Он рассказал, что клириком здесь служит четвертый год. По его прибытии приход находился в упадке, хотя его предшественник служил здесь долго и исправно, заслуженно снискав себе любовь паствы. Все это время он являлся мостом между старой эпохой, когда люди веровали безоглядно, и эпохой новой, в которой вера была уже не столь действенна. Отчасти к этой роковой перемене, по мнению Джефферса, была причастна наука. Объективную оценку поддающихся проверке фактов он не оспаривал. Что же до поклонения недоказуемому, то в столь тонких материях излишний догматизм может завести бог весть туда. А что еще важнее, у людей на веру просто не стало оставаться времени.

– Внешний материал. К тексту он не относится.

lemma dense_chain:
  assumes "alpha \<le> 1"
  shows "dense_embedded D Gam C gam (Xspace D Gam C gam 2 0) 1 1"
    and "dense_embedded D Gam C gam (Xspace D Gam C gam 1 1) 0 2"
    and "dense_embedded D Gam C gam (Xspace D Gam C gam 0 2) 0 1"
    and "dense_embedded D Gam C gam (Xspace D Gam C gam 0 1) 0 0"
proof -
  note chain = Xnorm_chain[OF assms]
  have lower: "g ^ Suc s * (x \<bullet> (mpow A r *v x)) \<le> g / alpha * (g ^ s * (x \<bullet> (mpow A (Suc r) *v x)))"
    if A: "eigenvalues_between A alpha g" and "0 < g" for A :: "real^'d^'d" and g x s r
  proof -
    have "g ^ Suc s * (alpha * (x \<bullet> (mpow A r *v x))) \<le> g ^ Suc s * (x \<bullet> (mpow A (Suc r) *v x))"
      using quadratic_form_mpow_Suc_bounds(1)[OF A alpha_pos] \<open>0 < g\<close> by (simp add: mult_left_mono)
    then show ?thesis using alpha_pos by (simp add: field_simps)
  qed
  have upper: "x \<bullet> (mpow A (Suc r) *v x) \<le> g / alpha * (x \<bullet> (mpow A r *v x))"
    if A: "eigenvalues_between A alpha g" and "0 < g" for A :: "real^'d^'d" and g x r
  proof -
    have "g \<le> g / alpha" using \<open>0 < g\<close> alpha_pos assms by (simp add: le_divide_eq mult_le_cancel_left1)
    then have "g * (x \<bullet> (mpow A r *v x)) \<le> g / alpha * (x \<bullet> (mpow A r *v x))"
      using quadratic_form_mpow_nonneg[OF A alpha_pos] by (rule mult_right_mono)
    with quadratic_form_mpow_Suc_bounds(2)[OF A alpha_pos] show ?thesis by (rule order_trans)
  qed
  have "Xspace D Gam C gam 2 0 \<subseteq> Xspace D Gam C gam 1 1"
    by (rule Xspace_subset_if_Xnorm_le[where c = 1 and d = 1]) (use chain in simp_all)
  then show "dense_embedded D Gam C gam (Xspace D Gam C gam 2 0) 1 1"
    by (rule dense_embedded_by_truncation[rotated]) (use lower[of _ _ 1 _ 0] in \<open>simp add: numeral_2_eq_2\<close>)
  have "Xspace D Gam C gam 1 1 \<subseteq> Xspace D Gam C gam 0 2"
    by (rule Xspace_subset_if_Xnorm_le[where c = 1 and d = 1]) (use chain in simp_all)
  then show "dense_embedded D Gam C gam (Xspace D Gam C gam 1 1) 0 2"
    by (rule dense_embedded_by_truncation[rotated]) (use lower[of _ _ 0 _ 1] in \<open>simp add: numeral_2_eq_2\<close>)
  have "Xspace D Gam C gam 0 2 \<subseteq> Xspace D Gam C gam 0 1"
    by (rule Xspace_subset_if_Xnorm_le[where c = alpha and d = 1]) (use chain alpha_pos in simp_all)
  then show "dense_embedded D Gam C gam (Xspace D Gam C gam 0 2) 0 1"
    by (rule dense_embedded_by_truncation[rotated]) (use upper[of _ _ _ 1] in \<open>simp add: numeral_2_eq_2\<close>)
  have "Xspace D Gam C gam 0 1 \<subseteq> Xspace D Gam C gam 0 0"
    by (rule Xspace_subset_if_Xnorm_le[where c = "alpha powr (3/2)" and d = alpha]) (use chain alpha_pos in simp_all)
  then show "dense_embedded D Gam C gam (Xspace D Gam C gam 0 1) 0 0"
    by (rule dense_embedded_by_truncation[rotated]) (use upper[of _ _ _ 0] in simp)
qed

end

theorem lemma8:
  fixes D :: "(real^'d) set"
    and Gam1 :: "'g::euclidean_space measure" and Gam2 :: "'n::euclidean_space measure"
    and C :: "real^'d \<Rightarrow> ('g \<times> 'n) \<Rightarrow> real^'d^'d"
    and gam :: "('g \<times> 'n) \<Rightarrow> real"
    and alpha :: real
  defines "Gam \<equiv> Gam1 \<Otimes>\<^sub>M Gam2"
  assumes "bounded D" and "open D"
    and "prob_space Gam1" and "sets Gam1 = sets borel"
    and "prob_space Gam2" and "sets Gam2 = sets borel"
    and "(\<lambda>(x, w). C x w) \<in> borel_measurable (lborel \<Otimes>\<^sub>M Gam)"
    and "gam \<in> borel_measurable Gam" and "\<forall>w. gam w > 0"
    and "alpha > 0" and "alpha \<le> 1"
    and "AE w in Gam. AE x in lborel. x \<in> D \<longrightarrow>
           sym_posdef (C x w) \<and>
           (\<forall>l. is_eigenvalue (C x w) l \<longrightarrow> alpha \<le> l \<and> l \<le> gam w)"
  shows "(\<forall>v. admissible D Gam v \<longrightarrow>
            ennreal (alpha powr (3/2)) * Xnorm D Gam C gam 0 0 v \<le> ennreal alpha * Xnorm D Gam C gam 0 1 v
          \<and> ennreal alpha * Xnorm D Gam C gam 0 1 v \<le> Xnorm D Gam C gam 0 2 v
          \<and> Xnorm D Gam C gam 0 2 v \<le> Xnorm D Gam C gam 1 1 v
          \<and> Xnorm D Gam C gam 1 1 v \<le> Xnorm D Gam C gam 2 0 v)
       \<and> dense_embedded D Gam C gam (Xspace D Gam C gam 2 0) 1 1
       \<and> dense_embedded D Gam C gam (Xspace D Gam C gam 1 1) 0 2
       \<and> dense_embedded D Gam C gam (Xspace D Gam C gam 0 2) 0 1
       \<and> dense_embedded D Gam C gam (Xspace D Gam C gam 0 1) 0 0"
proof -
  interpret random_elliptic_coefficient D Gam C gam alpha
    using assms(2,3,8-11,13) by unfold_locales
  show ?thesis
    using Xnorm_chain[OF \<open>alpha \<le> 1\<close>] dense_chain[OF \<open>alpha \<le> 1\<close>] by blast
qed

end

При прежнем укладе жизнь была проста. Человек работал, ел, спал и делал потуги к размножению. Если среди всего этого находилось время, то ему хотелось чуда: чего-нибудь такого, что заставляло бы мириться с докукой повседневности, а вместе с тем еще и чувствовать свою общность и принадлежность к себе подобным. Столетиями все это давала церковь, но тут появился Интернет, который все и погубил. Имейл и Фейсбук, действуя рука об руку, напустили виртуального тумана и образовали подобие заоблачной выси, но не такой, где на своих золотых арфах наигрывают ангелы. У людей пропала необходимость, да и охота ловить новости по воскресеньям у церковных ворот: вы же и так теперь постоянно в курсе всех делишек и мыслишек своих друзей и знакомых. А если хотите поподглядывать, что там деется в вышних сферах, то вот вам Твиттер с его параллельным потоком: бесконечные апдейты о том, насколько души не чает в своем очередном муже ваша излюбленная кинозвезда, которому она параллельно вовсю изменяет со своим персональным тренером, да и не только с ним. И вы, вместо того чтобы размышлять над мироустройством и сущностью своей жизни вкупе с тем, что и как дало им начало, блаженно восклицаете: «Во крутняк! Эштон Катчер снова отметился в Твиттере, специально для меня!»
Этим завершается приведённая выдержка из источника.